Content starts

text \<open>An inverse of e is obtained by lifting back through the pullback defining the restriction
of S; both composites are identities by the uniqueness of factorisations through pullbacks.\<close>

lemma res_orbit_comparison_iso:
  assumes a: "a \<in> cAr T" and S: "sobj T (cCod T a) S"
    and pb: "res_pullback T a S P q0" and k: "k < length P"
    and pb2: "orbit_pullback T (S ! fst q0 k) a P2 p2 q2"
    and j: "j < length P2" and e: "e \<in> hom T (cDom T (P ! k)) (P2 ! j)"
    and ep: "cComp T (snd p2 j) e = snd q0 k" and eq: "cComp T (snd q2 j) e = P ! k"
  shows "is_iso T e"
proof -
  define i where "i = fst q0 k"
  note sq = res_pullback_at[OF pb k, folded i_def]
  note sq2 = orbit_pullback_at[OF pb2[folded i_def] j]
  have Si: "S ! i \<in> cAr T" "cCod T (S ! i) = cCod T a"
    using sq(1) S nth_mem unfolding sobj_def by auto
  have X: "cDom T (P ! k) \<in> cOb T"
    using sq(3) dom_in_Ob unfolding hom_def by force
  have X2: "P2 ! j \<in> cOb T"
    using fpullbackD[OF pb2] j unfolding Fobj_def by auto
  obtain k' e' where k': "k' < length P" "e' \<in> hom T (P2 ! j) (cDom T (P ! k'))"
    and e'p: "fst q0 k' = i" "cComp T (snd q0 k') e' = snd p2 j"
    and e'q: "cComp T (P ! k') e' = snd q2 j"
    by (rule res_pullback_lift[OF pb X2 sq(1) sq2(3,4,5)])
  note sq' = res_pullback_at[OF pb k'(1), unfolded e'p]
  have "k = k' \<and> cId T (cDom T (P ! k)) = cComp T e' e" (is "_ \<and> ?left_inverse")
  proof (rule res_pullback_point_eq[OF pb a S X k id_in_hom[OF X] k'(1) cComp_in_hom[OF e k'(2)]])
    show "cComp T (snd q0 k) (cId T (cDom T (P ! k))) = cComp T (snd q0 k') (cComp T e' e)"
      using cComp_assoc[OF e k'(2) sq'(2)] cComp_id_right[OF sq(2)] e'p ep by simp
    show "cComp T (P ! k) (cId T (cDom T (P ! k))) = cComp T (P ! k') (cComp T e' e)"
      using cComp_assoc[OF e k'(2) sq'(3)] cComp_id_right[OF sq(3)] e'q eq by simp
  qed (use e'p i_def in simp)
  then have kk': "k' = k" and left: ?left_inverse
    by blast+
  have e'h: "e' \<in> hom T (P2 ! j) (cDom T (P ! k))"
    using k'(2) kk' by simp
  have "j = j \<and> cId T (P2 ! j) = cComp T e e'"
  proof (rule orbit_pullback_point_eq[OF pb2[folded i_def] Si(1) a Si(2)[symmetric] X2 j id_in_hom[OF X2] j
        cComp_in_hom[OF e'h e]])
    show "cComp T (snd p2 j) (cId T (P2 ! j)) = cComp T (snd p2 j) (cComp T e e')"
      using cComp_assoc[OF e'h e sq2(3)] cComp_id_right[OF sq2(3)] ep e'p kk' by simp
    show "cComp T (snd q2 j) (cId T (P2 ! j)) = cComp T (snd q2 j) (cComp T e e')"
      using cComp_assoc[OF e'h e sq2(4)] cComp_id_right[OF sq2(4)] eq e'q kk' by simp
  qed
  then show ?thesis
    using e e'h left unfolding is_iso_def hom_def by auto
qed

lemma IndSys_of_res_closed:
  assumes orb: "orbital T" and R: "transf T R"
    and res: "is_res T a S P" and S: "S \<in> IndSys_of T R (cCod T a)"
  shows "P \<in> IndSys_of T R (cDom T a)"
proof -
  obtain q0 where pb: "res_pullback T a S P q0" and a: "a \<in> cAr T" and P: "sobj T (cDom T a) P"
    using res unfolding is_res_def by blast
  have SR: "sobj T (cCod T a) S" "set S \<subseteq> R"
    using S unfolding IndSys_of_def by auto
  have "P ! k \<in> R" if k: "k < length P" for k
  proof -
    obtain P2 p2 q2 j e where pb2: "orbit_pullback T (S ! fst q0 k) a P2 p2 q2"
      and j: "j < length P2" and e: "e \<in> hom T (cDom T (P ! k)) (P2 ! j)"
      and ep: "cComp T (snd p2 j) e = snd q0 k" and eq: "cComp T (snd q2 j) e = P ! k"
      by (rule res_orbit_lift[OF orb a SR(1) pb k])
    have "is_iso T e"
      by (rule res_orbit_comparison_iso[OF a SR(1) pb k pb2 j e ep eq])
    moreover have "S ! fst q0 k \<in> R" "cCod T a = cCod T (S ! fst q0 k)"
      using res_pullback_at(1)[OF pb k] SR nth_mem unfolding sobj_def by auto
    ultimately have "cComp T (snd q2 j) e \<in> R"
      using transf_pullback_orbit[OF R _ a _ pb2 j] e unfolding hom_def by auto
    then show ?thesis
      using eq by simp
  qed
  then show ?thesis
    using P unfolding IndSys_of_def by (auto simp: in_set_conv_nth)
qed

lemma IndSys_IndSys_of:
  assumes orb: "orbital T" and R: "transf T R"
  shows "IndSys T (IndSys_of T R)"
proof -
  have "wIndSys T (IndSys_of T R)"
  proof (rule wIndSysI)
    show "[cId T V] \<in> IndSys_of T R V" if "IndSys_of T R V \<noteq> {}" for V
    proof -
      have "V \<in> cOb T"
        using that unfolding IndSys_of_def sobj_def by auto
      then show ?thesis
        using id_in_hom transf_iso[OF R id_is_iso] unfolding IndSys_of_def sobj_def hom_def by auto
    qed
    show "tcoprod T S Ts \<in> IndSys_of T R V"
      if S: "S \<in> IndSys_of T R V" and "length Ts = length S"
        and Ts: "\<forall>i<length S. Ts ! i \<in> IndSys_of T R (cDom T (S ! i))"
      for V S Ts
    proof -
      have "sobj T V (tcoprod T S Ts)"
        using S Ts sobj_tcoprod unfolding IndSys_of_def by auto
      moreover have "x \<in> R" if "x \<in> set (tcoprod T S Ts)" for x
      proof -
        obtain i t where i: "i < length S" and t: "t \<in> set (Ts ! i)" and x: "x = cComp T (S ! i) t"
          using \<open>x \<in> set (tcoprod T S Ts)\<close> unfolding tcoprod_set by blast
        have "S ! i \<in> R" "t \<in> R" "cCod T t = cDom T (S ! i)"
          using S Ts i t nth_mem unfolding IndSys_of_def sobj_def by auto
        then show ?thesis
          using transf_comp[OF R] x by blast
      qed
      ultimately show ?thesis
        unfolding IndSys_of_def by auto
    qed
    show "S' \<in> IndSys_of T R V" if "S \<in> IndSys_of T R V" "s_iso T V S S'" for V S S'
      using IndSys_of_iso_closed[OF R] that .
    show "P \<in> IndSys_of T R (cDom T a)" if "a \<in> cAr T" "S \<in> IndSys_of T R (cCod T a)" "is_res T a S P"
      for a S P
      using IndSys_of_res_closed[OF orb R that(3,2)] .
  qed (simp add: IndSys_of_def)
  moreover have "[] \<in> IndSys_of T R V" if "V \<in> cOb T" for V
    using that unfolding IndSys_of_def sobj_def by simp
  moreover have "S @ S' \<in> IndSys_of T R V \<longleftrightarrow> S \<in> IndSys_of T R V \<and> S' \<in> IndSys_of T R V"
    for V S S'
    unfolding IndSys_of_def sobj_def by auto
  ultimately show ?thesis
    unfolding IndSys_def unital_def by blast
qed

end

section \<open>The left adjoint\<close>

definition restrictions :: "('o, 'm) cat \<Rightarrow> 'm set \<Rightarrow> ('o, 'm) tsub" where
  "restrictions T R =
    (\<lambda>V. {P. \<exists>f g. f \<in> R \<and> g \<in> cAr T \<and> cCod T g = cCod T f \<and> cDom T g = V \<and> is_res T g [f] P})"

lemma Fbar_eq: "Fbar T R = Cl T (sup (F0 T) (Cl T (restrictions T R)))"
  unfolding Fbar_def wjoin_def restrictions_def ..

lemma F0_le_Fbar: "F0 T \<le> Fbar T R"
  unfolding Fbar_eq using Cl_upper by (rule le_supE)

lemma restrictions_le_Fbar: "restrictions T R \<le> Fbar T R"
  unfolding Fbar_eq using Cl_upper order_trans sup_ge2 by metis

lemma Fbar_least: "wIndSys T C \<Longrightarrow> F0 T \<le> C \<Longrightarrow> restrictions T R \<le> C \<Longrightarrow> Fbar T R \<le> C"
  unfolding Fbar_eq by (intro Cl_least) (simp_all add: Cl_least)

lemma F0_le_unital:
  assumes C: "unital T C"
  shows "F0 T \<le> C"
proof (intro le_funI subsetI)
  fix V S assume "S \<in> F0 T V"
  then have S: "s_iso T V [] S \<or> s_iso T V [cId T V] S"
    unfolding F0_def by simp
  then have "V \<in> cOb T"
    unfolding s_iso_def sobj_def by auto
  then show "S \<in> C V"
    using S unital_nil[OF C] unital_point[OF C] wIndSys_iso_closed[OF unital_wIndSys[OF C]] by blast
qed

context category
begin

lemma Fbar_wIndSys: "wIndSys T (Fbar T R)"
proof -
  have "wIndSys T (Cl T (restrictions T R))"
    by (rule Cl_wIndSys) (auto simp: restrictions_def is_res_def)
  then show ?thesis
    unfolding Fbar_eq
    by (intro Cl_wIndSys) (auto simp: F0_def s_iso_def dest: wIndSys_sobj)
qed

lemma Fbar_unital: "unital T (Fbar T R)"
proof (rule wIndSys_unitalI[OF Fbar_wIndSys])
  fix U assume "U \<in> cOb T"
  then have "sobj T U []" "sobj T U [cId T U]"
    using id_in_hom unfolding sobj_def hom_def by auto
  then have "[] \<in> F0 T U" "[cId T U] \<in> F0 T U"
    unfolding F0_def using s_iso_refl by auto
  then show "[] \<in> Fbar T R U" "[cId T U] \<in> Fbar T R U"
    using le_funD[OF F0_le_Fbar[of T R], of U] by blast+
qed

lemma is_res_along_id:
  assumes S: "sobj T V S"
  shows "is_res T (cId T V) S S"
proof -
  have V: "V \<in> cOb T" and Sh: "\<And>i. i < length S \<Longrightarrow> S ! i \<in> hom T (cDom T (S ! i)) V"
    using S unfolding sobj_def hom_def by auto
  have idV: "cId T V \<in> cAr T" "cDom T (cId T V) = V" "cCod T (cId T V) = V"
    using id_in_hom[OF V] unfolding hom_def by auto
  have pb: "is_fpullback T (doms T S) [V] [V] (\<lambda>i. 0, \<lambda>i. S ! i) (\<lambda>i. 0, \<lambda>i. cId T V)
      (doms T S) (fid T (doms T S)) (\<lambda>i. 0, \<lambda>i. S ! i)"
    unfolding is_fpullback_def
  proof (intro conjI allI impI)
    show "Fobj T (doms T S)"
      using Sh dom_in_Ob unfolding Fobj_def hom_def by (auto simp: in_set_conv_nth)
    show "fid T (doms T S) \<in> fhom T (doms T S) (doms T S)"
      using Sh dom_in_Ob id_in_hom unfolding fid_def fhom_def hom_def by auto
    show "(\<lambda>i. 0, \<lambda>i. S ! i) \<in> fhom T (doms T S) [V]"
      using sobj_fhom[OF S] .
    show "feq (doms T S) (fcomp T (\<lambda>i. 0, \<lambda>i. S ! i) (fid T (doms T S)))
        (fcomp T (\<lambda>i. 0, \<lambda>i. cId T V) (\<lambda>i. 0, \<lambda>i. S ! i))"
      by (simp add: feq_def fcomp_def fid_def cComp_id_left[OF Sh] cComp_id_right[OF Sh])
  next
    fix Q p' q'
    assume "Fobj T Q \<and> p' \<in> fhom T Q (doms T S) \<and> q' \<in> fhom T Q [V] \<and>
      feq Q (fcomp T (\<lambda>i. 0, \<lambda>i. S ! i) p') (fcomp T (\<lambda>i. 0, \<lambda>i. cId T V) q')"
    then have p': "p' \<in> fhom T Q (doms T S)" and q': "q' \<in> fhom T Q [V]"
      and comm: "feq Q (fcomp T (\<lambda>i. 0, \<lambda>i. S ! i) p') (fcomp T (\<lambda>i. 0, \<lambda>i. cId T V) q')"
      by blast+
    have fid_comp: "feq Q (fcomp T (fid T (doms T S)) h) h" if "h \<in> fhom T Q (doms T S)" for h
      using that cComp_id_left unfolding feq_def fcomp_def fid_def fhom_def by auto
    have "feq Q (fcomp T (\<lambda>i. 0, \<lambda>i. S ! i) p') q'"
      using comm q' cComp_id_left unfolding feq_def fcomp_def fhom_def by auto
    moreover have "feq Q p' h'" if "h' \<in> fhom T Q (doms T S)" "feq Q (fcomp T (fid T (doms T S)) h') p'" for h'
      using fid_comp[OF that(1)] that(2) unfolding feq_def by auto
    ultimately show "\<exists>h\<in>fhom T Q (doms T S). feq Q (fcomp T (fid T (doms T S)) h) p' \<and>
        feq Q (fcomp T (\<lambda>i. 0, \<lambda>i. S ! i) h) q' \<and>
        (\<forall>h'\<in>fhom T Q (doms T S). feq Q (fcomp T (fid T (doms T S)) h') p' \<and>
          feq Q (fcomp T (\<lambda>i. 0, \<lambda>i. S ! i) h') q' \<longrightarrow> feq Q h h')"
      using p' fid_comp[OF p'] by blast
  qed
  show ?thesis
    unfolding is_res_def idV(2,3) by (intro conjI exI) (rule idV(1) S pb)+
qed

lemma subset_frakR_Fbar:
  assumes "R \<subseteq> cAr T"
  shows "R \<subseteq> frakR T (Fbar T R)"
proof
  fix f assume f: "f \<in> R"
  then have "f \<in> cAr T" "cCod T f \<in> cOb T"
    using assms cod_in_Ob by auto
  then have "is_res T (cId T (cCod T f)) [f] [f]" "cId T (cCod T f) \<in> hom T (cCod T f) (cCod T f)"
    using is_res_along_id id_in_hom unfolding sobj_def by auto
  then have "[f] \<in> restrictions T R (cCod T f)"
    using f unfolding restrictions_def hom_def by blast
  then have "[f] \<in> Fbar T R (cCod T f)"
    using le_funD[OF restrictions_le_Fbar[of T R]] by blast
  then show "f \<in> frakR T (Fbar T R)"
    using \<open>f \<in> cAr T\<close> unfolding frakR_def by blast
qed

Content ends

ACTIVITY - In the data above, find the line with "using that unfolding IndSys_of_def sobj_def by simp" and the line with "(sup (F0 T)". Retype both, plus every line between them, exactly.

OUTPUT OF THE TASK -
    using that unfolding IndSys_of_def sobj_def by simp
  moreover have "S @ S' \<in> IndSys_of T R V \<longleftrightarrow> S \<in> IndSys_of T R V \<and> S' \<in> IndSys_of T R V"
    for V S S'
    unfolding IndSys_of_def sobj_def by auto
  ultimately show ?thesis
    unfolding IndSys_def unital_def by blast
qed

end

section \<open>The left adjoint\<close>

definition restrictions :: "('o, 'm) cat \<Rightarrow> 'm set \<Rightarrow> ('o, 'm) tsub" where
  "restrictions T R =
    (\<lambda>V. {P. \<exists>f g. f \<in> R \<and> g \<in> cAr T \<and> cCod T g = cCod T f \<and> cDom T g = V \<and> is_res T g [f] P})"

lemma Fbar_eq: "Fbar T R = Cl T (sup (F0 T) (Cl T (restrictions T R)))"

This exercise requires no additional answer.